The Obit For Richard Powell


Former Negro League Exec Dies at 92
 
The Associated Press
 
02/06/04 18:12 EST
 
GLENWOOD, Md. (AP) - Richard Dennis Powell, general manager of a Negro League team in Baltimore, has died. He was 92.
 
Powell died of cancer Tuesday at his daughter's home, The (Baltimore) Sun reported Friday. He was the business and general manager of Baltimore's Elite Giants, who produced major league All-Stars Roy Campanella and Joe Black.
 
The Elite Giants - pronounced ``Ee-light'' with a Southern twang - were one of black baseball's most popular teams in the 1930s and 1940s.
 
``Incredibly over the years, he was the managerial force that kept the team in the league and doing well,'' James H. Bready, author of ``Baseball in Baltimore: The First 100 Years,'' told The Sun. ``He had an instinct for business as well as sports.
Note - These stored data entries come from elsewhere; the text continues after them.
lemma card_S_prefix_le:
  "real (card (S \<inter> {..<N})) \<le> 8 * (f (x 0) - flow) / \<eta> * C_S * eps_factor + 1"
proof -
  have bound: "real (card (S \<inter> {..<N})) \<le> 8 * (f (x 0) - flow) / \<eta> * C_S * eps_factor + 1"
    if N: "\<forall>j<N. \<not> terminated j" for N
  proof -
    have "potential 0 \<le> f (x 0)" "f (x N) - min_decrease \<le> potential N"
      using min_decrease_pos by (simp_all add: potential_def)
    moreover have "flow \<le> f (x N)" using bdd N by blast
    ultimately have "min_decrease * card (S \<inter> {..<N}) \<le> f (x 0) - flow + min_decrease"
      using potential_telescope[OF N] by linarith
    then have "real (card (S \<inter> {..<N})) \<le> (f (x 0) - flow + min_decrease) / min_decrease"
      using min_decrease_pos by (simp add: pos_le_divide_eq mult.commute[of min_decrease])
    also have "\<dots> = (f (x 0) - flow) / min_decrease + 1"
      using min_decrease_pos by (simp add: add_divide_distrib)
    also have "(f (x 0) - flow) / min_decrease = 8 * (f (x 0) - flow) / \<eta> * C_S * eps_factor"
      by (simp add: min_decrease_def mult_ac)
    finally show ?thesis .
  qed
  show ?thesis
  proof (cases "\<exists>j<N. terminated j")
    case True
    then obtain t where "terminated t" "\<forall>j<t. \<not> terminated j"
      using exists_least_iff[of "\<lambda>j. terminated j"] by blast
    moreover have "S \<inter> {..<N} \<subseteq> S \<inter> {..<t}"
    proof (intro subsetI IntI)
      fix k assume "k \<in> S \<inter> {..<N}"
      then have "\<forall>j\<le>k. \<not> terminated j" by (simp add: alg4_S_def mem_K_iff)
      then show "k \<in> {..<t}" using \<open>terminated t\<close> by (meson lessThan_iff not_le)
    qed auto
    then have "card (S \<inter> {..<N}) \<le> card (S \<inter> {..<t})" by (intro card_mono) auto
    ultimately show ?thesis using bound[of t] by (meson of_nat_le_iff order_trans)
  next
    case False
    then show ?thesis using bound by blast
  qed
qed

lemma card_S_le:
  "finite S \<and> real (card S) \<le> of_int \<lfloor>8 * (f (x 0) - flow) / \<eta> * C_S * eps_factor\<rfloor> + 1"
proof -
  have "finite S" "real (card S) \<le> 8 * (f (x 0) - flow) / \<eta> * C_S * eps_factor + 1"
    using finite_card_le_if_prefix_card_le[OF card_S_prefix_le] by auto
  moreover from this(2) have "int (card S) - 1 \<le> \<lfloor>8 * (f (x 0) - flow) / \<eta> * C_S * eps_factor\<rfloor>"
    by (simp add: le_floor_iff)
  then have "real (card S) \<le> of_int \<lfloor>8 * (f (x 0) - flow) / \<eta> * C_S * eps_factor\<rfloor> + 1"
    by linarith
  ultimately show ?thesis by blast
qed

end

theorem lemma4p4:
  fixes f :: "real^'n \<Rightarrow> real" and g :: "real^'n \<Rightarrow> real^'n" and H :: "real^'n \<Rightarrow> real^'n^'n"
    and x s :: "nat \<Rightarrow> real^'n" and \<delta> :: "nat \<Rightarrow> real" and mo :: "nat \<Rightarrow> (real^'n) option"
    and epsg epsH \<gamma>1 \<gamma>2 \<psi> \<delta>0 \<delta>max \<eta> zeta \<xi> M Lg LH flow :: real and capCG :: bool
    and U :: "(real^'n) set"
  assumes params: "epsg > 0" "epsH > 0" "0 < \<gamma>1" "\<gamma>1 < 1" "\<gamma>2 \<ge> 1"
      "1 / \<gamma>2 < \<psi>" "\<psi> \<le> 1" "\<delta>0 > 0" "\<delta>max \<ge> \<delta>0" "0 < \<eta>" "\<eta> < 1"
      "0 < zeta" "zeta < 1" "0 \<le> \<xi>" "\<xi> < 1" "M \<ge> Lg"
    and init: "\<delta> 0 = \<delta>0"
    and run: "alg4_run f g H epsg epsH \<gamma>1 \<gamma>2 \<psi> \<delta>max \<eta> zeta capCG M x \<delta> s mo"
    and U_open: "open U"
    and grad: "\<And>y. y \<in> U \<Longrightarrow> (f has_derivative (\<lambda>h. g y \<bullet> h)) (at y)"
    and hess: "\<And>y. y \<in> U \<Longrightarrow> (g has_derivative (\<lambda>h. H y *v h)) (at y)"
    and hess_cont: "continuous_on U H"
    and Lg_pos: "Lg > 0" and LH_pos: "LH > 0"
    and g_lip: "\<And>y z. y \<in> U \<Longrightarrow> z \<in> U \<Longrightarrow> norm (g y - g z) \<le> Lg * norm (y - z)"
    and H_lip: "\<And>y z. y \<in> U \<Longrightarrow> z \<in> U \<Longrightarrow> onorm (\<lambda>v. (H y - H z) *v v) \<le> LH * norm (y - z)"
    and segs: "\<And>k. k \<in> alg4_K g H epsg epsH zeta capCG M x \<delta> mo \<Longrightarrow>
                 closed_segment (x k) (x k + s k) \<subseteq> U"
    and bdd: "\<And>k. (\<forall>j<k. \<not> alg4_terminates g H epsg epsH zeta capCG M x \<delta> mo j) \<Longrightarrow> f (x k) \<ge> flow"
  shows "finite (alg4_S f g H epsg epsH \<eta> zeta capCG M x \<delta> s mo) \<and>
         real (card (alg4_S f g H epsg epsH \<eta> zeta capCG M x \<delta> s mo))
           \<le> of_int \<lfloor>(8 * (f (x 0) - flow) / \<eta>
                   * max (1 / \<delta>0\<^sup>2) (max (4 * LH\<^sup>2 / (9 * \<gamma>1\<^sup>2 * (1 - \<eta>)\<^sup>2)) (7 + 2 * LH)))
                  * max (1 / epsH) (max (epsH / epsg\<^sup>2) (1 / epsH ^ 3))\<rfloor> + 1"
proof -
  interpret trust_region_run f g H U LH x s \<delta> mo epsg epsH \<gamma>1 \<gamma>2 \<psi> \<delta>0 \<delta>max \<eta> zeta M flow capCG
    using params init run U_open grad hess LH_pos H_lip segs bdd by unfold_locales auto
  show ?thesis using card_S_le unfolding C_S_def eps_factor_def .
qed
He also had good people relationships that could hold a team together in those days.''
 
The Elite Giants won Negro National League championships in 1939 and '49. During the 1940s, their annual battles with the Homestead Grays were likened to the rivalry between the New York Yankees and Brooklyn Dodgers.
 
Powell was thought to be one of the last surviving executives of a Negro League team. He was said to be responsible for persuading owner ``Smiling'' Tom Wilson and business manager Vernon Green to move the Elite Giants from Washington to Baltimore in 1938.
 
Services will be held Monday at St. Mary the Virgin Episcopal Church, in Baltimore. In addition to his daughter, Barbara ``Babs'' Golden, Powell is survived by five granddaughters and four great-grandchildren.